[WHAT IS EXPECTED]
Extract all data as written.

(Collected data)
╔══

lemma contact_between:
  assumes "u \<in> {a..b}" "v \<in> {a..b}" "(p u - L i u) * (p v - L i v) \<le> 0"
  shows "\<exists>w\<in>closed_segment u v. p w = L i w"
proof -
  have "closed_segment u v \<subseteq> {a..b}"
    using assms by (auto simp: closed_segment_eq_real_ivl)
  moreover have "0 \<in> closed_segment (p u - L i u) (p v - L i v)"
    using assms(3) by (auto simp: closed_segment_eq_real_ivl mult_le_0_iff)
  ultimately show ?thesis
    using IVT'_closed_segment_real[of 0 "\<lambda>w. p w - L i w" u v]
      continuous_on_p_minus_L[of _ 1 i] by auto
qed

definition beyond :: "nat \<Rightarrow> real \<Rightarrow> bool" where
  "beyond i u \<longleftrightarrow> 0 < (p u - L i u) * L i u"

lemma beyond_if_signed:
  "\<sigma> \<in> {-1, 1} \<Longrightarrow> 0 < \<sigma> * L i u \<Longrightarrow> \<sigma> * L i u < \<sigma> * p u \<Longrightarrow> beyond i u"
  unfolding beyond_def by (auto simp: zero_less_mult_iff)

lemma contact_not_beyond: "p u = L i u \<Longrightarrow> \<not> beyond i u"
  unfolding beyond_def by simp

text \<open>Times at which the curve leaves line i and stays strictly beyond it up to the zero of line i.
  Such points separate peaks on the same side of the axis.\<close>
definition separation_points :: "nat \<Rightarrow> real set" where
  "separation_points i = {s\<in>{a..b}. zero_time i \<in> {a..b} \<and> s \<noteq> zero_time i \<and> p s = L i s \<and>
     p (zero_time i) \<noteq> 0 \<and> (\<forall>u\<in>open_segment s (zero_time i). beyond i u)}"

lemma separation_point_unique:
  assumes "i < n" "s1 \<in> separation_points i" "s2 \<in> separation_points i"
  shows "s1 = s2"
proof (rule ccontr)
  assume "s1 \<noteq> s2"
  define z where "z = zero_time i"
  have s1: "s1 \<in> {a..b}" "z \<in> {a..b}" "s1 \<noteq> z" "p s1 = L i s1" "p z \<noteq> 0"
    "\<forall>u\<in>open_segment s1 z. beyond i u"
    using assms(2) unfolding separation_points_def z_def by auto
  have s2: "s2 \<in> {a..b}" "s2 \<noteq> z" "p s2 = L i s2" "\<forall>u\<in>open_segment s2 z. beyond i u"
    using assms(3) unfolding separation_points_def z_def by auto
  have "s1 \<notin> closed_segment s2 z" "s2 \<notin> closed_segment s1 z"
    using s1(3,4,6) s2(2,3,4) \<open>s1 \<noteq> s2\<close> contact_not_beyond unfolding open_segment_def by blast+
  then have opposite: "s1 < z \<and> z < s2 \<or> s2 < z \<and> z < s1"
    using s1(3) s2(2) by (auto simp: closed_segment_eq_real_ivl split: if_splits)
  define u1 where "u1 = (s1 + z) / 2"
  define u2 where "u2 = (s2 + z) / 2"
  have u1: "u1 \<in> open_segment s1 z" and u2: "u2 \<in> open_segment s2 z"
    using s1(3) s2(2) by (auto simp: u1_def u2_def open_segment_eq_real_ivl)
  have "(u1 - z) * (u2 - z) < 0"
    using opposite by (auto simp: u1_def u2_def mult_less_0_iff)
  then have "L i u1 * L i u2 < 0"
    using L_mult_L[OF \<open>i < n\<close>] nonhoriz \<open>i < n\<close> by (simp add: z_def mult_pos_neg)
  moreover have "beyond i u1" "beyond i u2" using s1(6) s2(4) u1 u2 by auto
  ultimately have "(p u1 - L i u1) * (p u2 - L i u2) \<le> 0"
    unfolding beyond_def by (auto simp: zero_less_mult_iff mult_less_0_iff mult_le_0_iff)
  moreover have "u1 \<in> {a..b}" "u2 \<in> {a..b}"
    using s1(1,2) s2(1) by (auto simp: u1_def u2_def)
  ultimately obtain w where w: "w \<in> closed_segment u1 u2" "p w = L i w"
    using contact_between by blast
  have "p z \<noteq> L i z" using s1(5) L_eq_0_iff[OF \<open>i < n\<close>, of z] z_def by simp
  then have "w \<noteq> z" using w(2) by auto
  then have "w \<in> open_segment s1 z \<or> w \<in> open_segment s2 z"
    using w(1) opposite by (auto simp: u1_def u2_def closed_segment_eq_real_ivl open_segment_eq_real_ivl
        split: if_splits)
  then show False using w(2) s1(6) s2(4) contact_not_beyond by blast
qed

╚══

[SOLVED PROBLEM]
lemma contact_between:
  assumes "u \<in> {a..b}" "v \<in> {a..b}" "(p u - L i u) * (p v - L i v) \<le> 0"
  shows "\<exists>w\<in>closed_segment u v. p w = L i w"
proof -
  have "closed_segment u v \<subseteq> {a..b}"
    using assms by (auto simp: closed_segment_eq_real_ivl)
  moreover have "0 \<in> closed_segment (p u - L i u) (p v - L i v)"
    using assms(3) by (auto simp: closed_segment_eq_real_ivl mult_le_0_iff)
  ultimately show ?thesis
    using IVT'_closed_segment_real[of 0 "\<lambda>w. p w - L i w" u v]
      continuous_on_p_minus_L[of _ 1 i] by auto
qed

definition beyond :: "nat \<Rightarrow> real \<Rightarrow> bool" where
  "beyond i u \<longleftrightarrow> 0 < (p u - L i u) * L i u"

lemma beyond_if_signed:
  "\<sigma> \<in> {-1, 1} \<Longrightarrow> 0 < \<sigma> * L i u \<Longrightarrow> \<sigma> * L i u < \<sigma> * p u \<Longrightarrow> beyond i u"
  unfolding beyond_def by (auto simp: zero_less_mult_iff)

lemma contact_not_beyond: "p u = L i u \<Longrightarrow> \<not> beyond i u"
  unfolding beyond_def by simp

text \<open>Times at which the curve leaves line i and stays strictly beyond it up to the zero of line i.
  Such points separate peaks on the same side of the axis.\<close>
definition separation_points :: "nat \<Rightarrow> real set" where
  "separation_points i = {s\<in>{a..b}. zero_time i \<in> {a..b} \<and> s \<noteq> zero_time i \<and> p s = L i s \<and>
     p (zero_time i) \<noteq> 0 \<and> (\<forall>u\<in>open_segment s (zero_time i). beyond i u)}"

lemma separation_point_unique:
  assumes "i < n" "s1 \<in> separation_points i" "s2 \<in> separation_points i"
  shows "s1 = s2"
proof (rule ccontr)
  assume "s1 \<noteq> s2"
  define z where "z = zero_time i"
  have s1: "s1 \<in> {a..b}" "z \<in> {a..b}" "s1 \<noteq> z" "p s1 = L i s1" "p z \<noteq> 0"
    "\<forall>u\<in>open_segment s1 z. beyond i u"
    using assms(2) unfolding separation_points_def z_def by auto
  have s2: "s2 \<in> {a..b}" "s2 \<noteq> z" "p s2 = L i s2" "\<forall>u\<in>open_segment s2 z. beyond i u"
    using assms(3) unfolding separation_points_def z_def by auto
  have "s1 \<notin> closed_segment s2 z" "s2 \<notin> closed_segment s1 z"
    using s1(3,4,6) s2(2,3,4) \<open>s1 \<noteq> s2\<close> contact_not_beyond unfolding open_segment_def by blast+
  then have opposite: "s1 < z \<and> z < s2 \<or> s2 < z \<and> z < s1"
    using s1(3) s2(2) by (auto simp: closed_segment_eq_real_ivl split: if_splits)
  define u1 where "u1 = (s1 + z) / 2"
  define u2 where "u2 = (s2 + z) / 2"
  have u1: "u1 \<in> open_segment s1 z" and u2: "u2 \<in> open_segment s2 z"
    using s1(3) s2(2) by (auto simp: u1_def u2_def open_segment_eq_real_ivl)
  have "(u1 - z) * (u2 - z) < 0"
    using opposite by (auto simp: u1_def u2_def mult_less_0_iff)
  then have "L i u1 * L i u2 < 0"
    using L_mult_L[OF \<open>i < n\<close>] nonhoriz \<open>i < n\<close> by (simp add: z_def mult_pos_neg)
  moreover have "beyond i u1" "beyond i u2" using s1(6) s2(4) u1 u2 by auto
  ultimately have "(p u1 - L i u1) * (p u2 - L i u2) \<le> 0"
    unfolding beyond_def by (auto simp: zero_less_mult_iff mult_less_0_iff mult_le_0_iff)
  moreover have "u1 \<in> {a..b}" "u2 \<in> {a..b}"
    using s1(1,2) s2(1) by (auto simp: u1_def u2_def)
  ultimately obtain w where w: "w \<in> closed_segment u1 u2" "p w = L i w"
    using contact_between by blast
  have "p z \<noteq> L i z" using s1(5) L_eq_0_iff[OF \<open>i < n\<close>, of z] z_def by simp
  then have "w \<noteq> z" using w(2) by auto
  then have "w \<in> open_segment s1 z \<or> w \<in> open_segment s2 z"
    using w(1) opposite by (auto simp: u1_def u2_def closed_segment_eq_real_ivl open_segment_eq_real_ivl
        split: if_splits)
  then show False using w(2) s1(6) s2(4) contact_not_beyond by blast
qed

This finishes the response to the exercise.